* **Exercise directions**: Given the records below, would you repeat exactly the lines that begin at the one containing "then show False by simp" and end at the one containing "with less.prems \<open>N", inclusive?

* **Study material**:
# # # # #

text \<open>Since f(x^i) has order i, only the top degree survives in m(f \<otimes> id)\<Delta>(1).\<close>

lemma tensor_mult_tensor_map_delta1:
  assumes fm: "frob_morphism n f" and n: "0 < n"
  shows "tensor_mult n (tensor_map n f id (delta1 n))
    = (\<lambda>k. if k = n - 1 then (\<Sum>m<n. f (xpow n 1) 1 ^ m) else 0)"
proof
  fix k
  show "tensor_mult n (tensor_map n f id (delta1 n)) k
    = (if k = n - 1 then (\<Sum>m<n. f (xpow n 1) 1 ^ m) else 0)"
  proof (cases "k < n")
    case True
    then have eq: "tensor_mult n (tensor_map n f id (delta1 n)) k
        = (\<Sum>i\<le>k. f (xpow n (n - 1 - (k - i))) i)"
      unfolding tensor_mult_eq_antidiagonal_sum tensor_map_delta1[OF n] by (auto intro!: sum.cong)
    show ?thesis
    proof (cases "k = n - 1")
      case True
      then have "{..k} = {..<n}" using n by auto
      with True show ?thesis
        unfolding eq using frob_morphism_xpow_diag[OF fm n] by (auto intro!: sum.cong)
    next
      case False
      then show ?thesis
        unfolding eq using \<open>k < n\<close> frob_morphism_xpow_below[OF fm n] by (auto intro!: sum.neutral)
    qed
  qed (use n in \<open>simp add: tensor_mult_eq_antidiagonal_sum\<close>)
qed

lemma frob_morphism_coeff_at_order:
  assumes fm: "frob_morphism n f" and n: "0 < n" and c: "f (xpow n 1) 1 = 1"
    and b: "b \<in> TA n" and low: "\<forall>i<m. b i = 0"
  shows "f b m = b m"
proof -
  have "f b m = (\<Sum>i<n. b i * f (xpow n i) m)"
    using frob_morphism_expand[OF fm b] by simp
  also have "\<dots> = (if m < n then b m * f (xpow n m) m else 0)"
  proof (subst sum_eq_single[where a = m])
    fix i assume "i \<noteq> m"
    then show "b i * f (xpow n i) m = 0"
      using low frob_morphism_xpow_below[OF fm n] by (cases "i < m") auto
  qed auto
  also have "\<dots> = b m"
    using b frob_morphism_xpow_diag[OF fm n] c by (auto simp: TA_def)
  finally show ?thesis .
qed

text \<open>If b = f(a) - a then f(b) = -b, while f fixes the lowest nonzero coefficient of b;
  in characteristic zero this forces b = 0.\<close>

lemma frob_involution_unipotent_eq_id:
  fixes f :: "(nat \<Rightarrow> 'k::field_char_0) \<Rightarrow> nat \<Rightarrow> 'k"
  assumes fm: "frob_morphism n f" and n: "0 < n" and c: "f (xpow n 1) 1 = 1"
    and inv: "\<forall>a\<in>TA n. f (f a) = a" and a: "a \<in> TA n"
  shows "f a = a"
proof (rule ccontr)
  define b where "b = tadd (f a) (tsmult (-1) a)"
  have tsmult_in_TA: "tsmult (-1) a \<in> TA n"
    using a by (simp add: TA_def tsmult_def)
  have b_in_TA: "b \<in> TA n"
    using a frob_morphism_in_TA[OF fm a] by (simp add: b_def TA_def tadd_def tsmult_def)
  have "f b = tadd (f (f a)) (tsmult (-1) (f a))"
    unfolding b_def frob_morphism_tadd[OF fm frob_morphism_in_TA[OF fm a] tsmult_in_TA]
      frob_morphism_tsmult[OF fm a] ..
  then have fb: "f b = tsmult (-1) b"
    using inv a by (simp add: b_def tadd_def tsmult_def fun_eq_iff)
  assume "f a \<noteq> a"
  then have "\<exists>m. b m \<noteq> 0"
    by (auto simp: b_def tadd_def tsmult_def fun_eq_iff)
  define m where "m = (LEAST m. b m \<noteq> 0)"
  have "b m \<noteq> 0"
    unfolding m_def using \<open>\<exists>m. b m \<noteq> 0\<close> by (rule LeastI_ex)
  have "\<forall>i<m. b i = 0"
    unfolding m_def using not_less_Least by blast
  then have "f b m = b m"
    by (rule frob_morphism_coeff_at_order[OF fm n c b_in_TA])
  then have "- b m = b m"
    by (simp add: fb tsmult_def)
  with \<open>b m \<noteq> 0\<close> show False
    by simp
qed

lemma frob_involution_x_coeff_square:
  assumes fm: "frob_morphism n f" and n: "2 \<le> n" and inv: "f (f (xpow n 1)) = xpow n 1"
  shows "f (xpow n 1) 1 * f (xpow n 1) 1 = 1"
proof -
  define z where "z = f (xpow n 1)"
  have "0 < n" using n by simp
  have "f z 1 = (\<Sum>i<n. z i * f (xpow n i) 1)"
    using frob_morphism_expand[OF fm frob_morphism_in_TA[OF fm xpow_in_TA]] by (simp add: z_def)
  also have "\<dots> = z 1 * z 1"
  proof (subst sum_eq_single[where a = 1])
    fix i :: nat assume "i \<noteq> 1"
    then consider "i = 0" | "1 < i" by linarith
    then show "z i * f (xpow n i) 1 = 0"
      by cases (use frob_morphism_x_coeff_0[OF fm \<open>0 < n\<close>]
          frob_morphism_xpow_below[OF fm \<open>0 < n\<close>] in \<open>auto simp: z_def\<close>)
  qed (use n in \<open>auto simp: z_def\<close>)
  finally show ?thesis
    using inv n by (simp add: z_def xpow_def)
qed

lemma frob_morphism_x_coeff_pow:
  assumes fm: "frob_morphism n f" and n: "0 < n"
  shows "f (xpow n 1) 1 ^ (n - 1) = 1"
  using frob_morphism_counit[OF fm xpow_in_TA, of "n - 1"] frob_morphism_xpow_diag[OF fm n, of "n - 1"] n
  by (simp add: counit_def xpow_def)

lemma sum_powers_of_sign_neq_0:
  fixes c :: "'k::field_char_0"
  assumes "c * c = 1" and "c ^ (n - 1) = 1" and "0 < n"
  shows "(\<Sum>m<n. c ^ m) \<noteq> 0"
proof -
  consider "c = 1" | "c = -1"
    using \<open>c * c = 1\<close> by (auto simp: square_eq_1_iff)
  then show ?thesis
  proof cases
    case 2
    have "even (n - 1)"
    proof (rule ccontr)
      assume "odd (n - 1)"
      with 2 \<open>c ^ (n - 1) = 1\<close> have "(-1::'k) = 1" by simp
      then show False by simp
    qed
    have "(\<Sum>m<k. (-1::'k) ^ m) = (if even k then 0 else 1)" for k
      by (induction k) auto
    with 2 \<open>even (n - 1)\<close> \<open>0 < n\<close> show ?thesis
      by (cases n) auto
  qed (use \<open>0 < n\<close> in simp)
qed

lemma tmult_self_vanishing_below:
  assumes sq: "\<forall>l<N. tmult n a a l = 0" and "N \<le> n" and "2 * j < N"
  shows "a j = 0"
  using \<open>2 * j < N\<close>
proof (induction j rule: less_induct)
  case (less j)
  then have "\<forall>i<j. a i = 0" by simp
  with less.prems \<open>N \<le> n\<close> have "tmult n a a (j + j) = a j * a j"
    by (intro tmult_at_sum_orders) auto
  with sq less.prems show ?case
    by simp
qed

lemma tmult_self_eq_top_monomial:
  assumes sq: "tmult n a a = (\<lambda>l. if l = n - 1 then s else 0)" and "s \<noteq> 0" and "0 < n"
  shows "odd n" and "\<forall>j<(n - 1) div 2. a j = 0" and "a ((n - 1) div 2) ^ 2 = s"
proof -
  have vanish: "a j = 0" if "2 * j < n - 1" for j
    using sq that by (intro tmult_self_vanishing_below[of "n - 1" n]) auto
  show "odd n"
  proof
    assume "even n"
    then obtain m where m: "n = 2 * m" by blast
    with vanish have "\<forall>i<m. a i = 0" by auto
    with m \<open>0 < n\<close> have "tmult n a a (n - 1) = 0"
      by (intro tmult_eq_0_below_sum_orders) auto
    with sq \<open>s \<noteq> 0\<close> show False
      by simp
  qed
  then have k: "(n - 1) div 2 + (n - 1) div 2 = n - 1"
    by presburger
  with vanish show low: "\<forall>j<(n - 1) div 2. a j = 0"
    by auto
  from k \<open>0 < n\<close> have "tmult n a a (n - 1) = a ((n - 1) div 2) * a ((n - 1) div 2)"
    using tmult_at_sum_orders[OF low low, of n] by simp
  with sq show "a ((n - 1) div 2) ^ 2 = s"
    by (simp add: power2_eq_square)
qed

# # # # #

* **Task answer**:
      then show False by simp
    qed
    have "(\<Sum>m<k. (-1::'k) ^ m) = (if even k then 0 else 1)" for k
      by (induction k) auto
    with 2 \<open>even (n - 1)\<close> \<open>0 < n\<close> show ?thesis
      by (cases n) auto
  qed (use \<open>0 < n\<close> in simp)
qed

lemma tmult_self_vanishing_below:
  assumes sq: "\<forall>l<N. tmult n a a l = 0" and "N \<le> n" and "2 * j < N"
  shows "a j = 0"
  using \<open>2 * j < N\<close>
proof (induction j rule: less_induct)
  case (less j)
  then have "\<forall>i<j. a i = 0" by simp
  with less.prems \<open>N \<le> n\<close> have "tmult n a a (j + j) = a j * a j"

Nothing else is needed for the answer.